Is there a German feminine noun whose plural form is itself?
Example (of the noun I am after, but being feminine)
der Löffel / die Löffel
Is there a German feminine noun whose plural form is itself?
Example (of the noun I am after, but being feminine)
der Löffel / die Löffel
One candidate is Mark (as a currency):
Dafür bezahlte man fünf Mark.
However, it could be argued that this is not really plural, but a unit-of-measure singular (cf. zehn Grad, zwanzig Stück).
Another candidate is the acronym SMS, which in Germany (not in Austria or Switzerland) is feminine:
Ich habe zwei SMS von ihm bekommen.
There are two regular feminine words that form a plural without ending, but the plural form has umlaut: Mutter – Mütter, Tochter – Töchter.
Normally, null plural is limited to masculine and neutral nouns.
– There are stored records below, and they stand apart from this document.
lemma series_at_mult: "series_at x a * series_at y b = double_series (\<lambda>r s. x r * y s) a b"
proof (rule fps_ext)
  fix m
  let ?u = "\<lambda>r i. of_int ((shift_series a ^ r) $ i)" and ?v = "\<lambda>s i. of_int ((shift_series b ^ s) $ i)"
  have "(series_at x a * series_at y b) $ m
      = (\<Sum>i=0..m. (\<Sum>r\<le>m. x r * ?u r i) * (\<Sum>s\<le>m. y s * ?v s (m - i)))"
    by (simp add: fps_mult_nth) (rule sum.cong, simp_all add: series_at_nth[of _ m])
  also have "\<dots> = (\<Sum>i=0..m. \<Sum>r\<le>m. \<Sum>s\<le>m. x r * y s * (?u r i * ?v s (m - i)))"
    by (rule sum.cong) (simp_all add: sum_product mult.assoc mult_of_int_commute[of "(shift_series a ^ _) $ _"])
  also have "\<dots> = (\<Sum>r\<le>m. \<Sum>s\<le>m. \<Sum>i=0..m. x r * y s * (?u r i * ?v s (m - i)))"
    by (subst sum.swap) (simp add: sum.swap[of _ "{0..m}"])
  also have "\<dots> = double_series (\<lambda>r s. x r * y s) a b $ m"
    by (simp add: double_series_def fps_mult_nth sum_distrib_left)
  finally show "(series_at x a * series_at y b) $ m = double_series (\<lambda>r s. x r * y s) a b $ m" .
qed

lemma series_at_mult_swap: "series_at y b * series_at x a = double_series (\<lambda>r s. y s * x r) a b"
  unfolding series_at_mult double_series_def by (subst sum.swap) (simp add: mult.commute)

lemma double_series_diff:
  "double_series (\<lambda>r s. z r s - w r s) a b = double_series z a b - double_series w a b"
  by (simp add: double_series_def fps_eq_iff sum_subtractf left_diff_distrib)

lemma double_series_const_mult:
  "double_series (\<lambda>r s. c * z r s) a b = fps_const c * double_series z a b"
  by (simp add: double_series_def fps_eq_iff sum_distrib_left mult.assoc)

lemma series_at_add: "series_at (\<lambda>r. x r + y r) c = series_at x c + series_at y c"
  by (simp add: series_at_def fps_eq_iff sum.distrib distrib_right)

lemma series_at_convolution: "series_at (\<lambda>m. \<Sum>r\<le>m. x r * y (m - r)) c = series_at x c * series_at y c"
proof (rule fps_ext)
  fix m
  define F where "F r s = x r * y s * of_int ((shift_series c ^ (r + s)) $ m)" for r s
  have F_eq_0: "F r s \<noteq> 0 \<Longrightarrow> r + s \<le> m" for r s
    by (rule ccontr) (simp add: F_def shift_series_power_nth_eq_0)
  have "series_at (\<lambda>m. \<Sum>r\<le>m. x r * y (m - r)) c $ m = (\<Sum>N\<le>m. \<Sum>r\<le>N. F r (N - r))"
    by (simp add: series_at_def F_def sum_distrib_right)
  also have "\<dots> = (\<Sum>(r, s)\<in>{(r, s). r + s \<le> m}. F r s)"
    by (rule sum.triangle_reindex_eq[symmetric])
  also have "\<dots> = (\<Sum>(r, s)\<in>{..m} \<times> {..m}. F r s)"
    by (rule sum.mono_neutral_left) (auto simp: F_eq_0)
  also have "\<dots> = (series_at x c * series_at y c) $ m"
    by (simp add: sum.cartesian_product series_at_mult double_series_def F_def power_add)
  finally show "series_at (\<lambda>m. \<Sum>r\<le>m. x r * y (m - r)) c $ m = (series_at x c * series_at y c) $ m" .
qed

lemma of_int_mult_left_commute: "of_int k * (x * y) = x * (of_int k * (y :: 'b::ring_1))"
  by (metis mult.assoc mult_of_int_commute)

lemma of_int_fps_mult_series_at_nth:
  "(of_int_fps g * series_at y c) $ m = (\<Sum>r\<le>m. y r * of_int ((g * shift_series c ^ r) $ m))"
proof -
  have "(of_int_fps g * series_at y c) $ m
      = (\<Sum>i=0..m. of_int (g $ i) * (\<Sum>r\<le>m. y r * of_int ((shift_series c ^ r) $ (m - i))))"
    by (simp add: of_int_fps_def fps_mult_nth) (rule sum.cong, simp_all add: series_at_nth[of _ m])
  also have "\<dots> = (\<Sum>i=0..m. \<Sum>r\<le>m. y r * (of_int (g $ i) * of_int ((shift_series c ^ r) $ (m - i))))"
    by (rule sum.cong) (simp_all add: sum_distrib_left of_int_mult_left_commute)
  also have "\<dots> = (\<Sum>r\<le>m. y r * of_int ((g * shift_series c ^ r) $ m))"
    by (subst sum.swap) (simp add: fps_mult_nth sum_distrib_left)
  finally show ?thesis .
qed

lemma series_at_split:
  "series_at x c = fps_const (x 0) + of_int_fps (shift_series c) * series_at (\<lambda>r. x (Suc r)) c"
proof (rule fps_ext)
  fix m
  have tail: "(of_int_fps (shift_series c) * series_at (\<lambda>r. x (Suc r)) c) $ m
      = (\<Sum>r\<le>m. x (Suc r) * of_int ((shift_series c ^ Suc r) $ m))"
    by (simp add: of_int_fps_mult_series_at_nth)
  show "series_at x c $ m = (fps_const (x 0) + of_int_fps (shift_series c) * series_at (\<lambda>r. x (Suc r)) c) $ m"
  proof (cases m)
    case 0
    then show ?thesis by (simp add: tail series_at_def of_int_fps_def shift_series_def)
  next
    case (Suc k)
    have "series_at x c $ m = (\<Sum>r\<le>k. x (Suc r) * of_int ((shift_series c ^ Suc r) $ m))"
      unfolding series_at_def fps_nth_Abs_fps Suc sum.atMost_Suc_shift by simp
    also have "\<dots> = (\<Sum>r\<le>m. x (Suc r) * of_int ((shift_series c ^ Suc r) $ m))"
      using shift_series_power_nth_eq_0[of m "Suc m" c] by (simp only: Suc sum.atMost_Suc) simp
    finally show ?thesis unfolding fps_add_nth tail using Suc by simp
  qed
qed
All the answers ATOW miss the point that for a "word" to have the same "wordforms" they must be the same in singular and plural in the corresponding declination case, not only for the nominative case, i.e. sing.nom. = pl.nom., sing.akk. = pl.akk., sing.dat. = pl.dat., and sing.gen. = pl.gen.
AFIK all pl.dat. forms end with an "n" wich is always different form the sing.dat form.
In your example LÖFFEL you have der Löffel [sing.dat.] vs. den Löffeln [pl.dat.]
I have one that is a bit of cheat, which is "die Milch", which in colloquial use can become countable, so that you can order "zwei Milch" in a restaurant or similar. But technically, similar to the Mark above, that is more like a unit of measure than a real plural.